▸ SOURCE MATERIAL
##############################
lemma edge_invariant_constant_on_component:
  assumes wa: "weighted_adjacency A" and C: "C \<in> components A"
    and inv: "\<And>a b. a \<in> C \<Longrightarrow> adj A a b \<Longrightarrow> f a = f b"
    and i: "i \<in> C" and j: "j \<in> C"
  shows "f i = f j"
proof -
  have reach: "(adj A)\<^sup>*\<^sup>* i j"
    using in_quotient_imp_in_rel[OF equiv_reachable[OF wa], of C i j] C i j
    by (simp add: components_def)
  have "k \<in> C \<and> f i = f k" if "(adj A)\<^sup>*\<^sup>* i k" for k
    using that
  proof (induction k rule: rtranclp_induct)
    case (step k l)
    then show ?case
      using component_adj_closed[OF wa C _ step.hyps(2)] inv[OF _ step.hyps(2)] by simp
  qed (use i in simp)
  with reach show ?thesis
    by blast
qed

definition sign_balanced :: "real^'n^'n \<Rightarrow> real \<Rightarrow> 'n set \<Rightarrow> bool" where
  "sign_balanced A s C \<longleftrightarrow> (\<exists>\<sigma>. (\<forall>i\<in>C. \<sigma> i = 1 \<or> \<sigma> i = -1) \<and>
      (\<forall>i\<in>C. \<forall>j\<in>C. adj A i j \<longrightarrow> \<sigma> i = s * \<sigma> j))"

lemma sign_balanced_1: "sign_balanced A 1 C"
  unfolding sign_balanced_def by (rule exI[of _ "\<lambda>_. 1"]) simp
##############################
▸ WHAT TO PRODUCE
Each line of the records should be transcribed without change.

▸ EXERCISE ANSWER
lemma edge_invariant_constant_on_component:
  assumes wa: "weighted_adjacency A" and C: "C \<in> components A"
    and inv: "\<And>a b. a \<in> C \<Longrightarrow> adj A a b \<Longrightarrow> f a = f b"
    and i: "i \<in> C" and j: "j \<in> C"
  shows "f i = f j"
proof -
  have reach: "(adj A)\<^sup>*\<^sup>* i j"
    using in_quotient_imp_in_rel[OF equiv_reachable[OF wa], of C i j] C i j
    by (simp add: components_def)
  have "k \<in> C \<and> f i = f k" if "(adj A)\<^sup>*\<^sup>* i k" for k
    using that
  proof (induction k rule: rtranclp_induct)
    case (step k l)
    then show ?case
      using component_adj_closed[OF wa C _ step.hyps(2)] inv[OF _ step.hyps(2)] by simp
  qed (use i in simp)
  with reach show ?thesis
    by blast
qed

definition sign_balanced :: "real^'n^'n \<Rightarrow> real \<Rightarrow> 'n set \<Rightarrow> bool" where
  "sign_balanced A s C \<longleftrightarrow> (\<exists>\<sigma>. (\<forall>i\<in>C. \<sigma> i = 1 \<or> \<sigma> i = -1) \<and>
      (\<forall>i\<in>C. \<forall>j\<in>C. adj A i j \<longrightarrow> \<sigma> i = s * \<sigma> j))"

lemma sign_balanced_1: "sign_balanced A 1 C"
  unfolding sign_balanced_def by (rule exI[of _ "\<lambda>_. 1"]) simp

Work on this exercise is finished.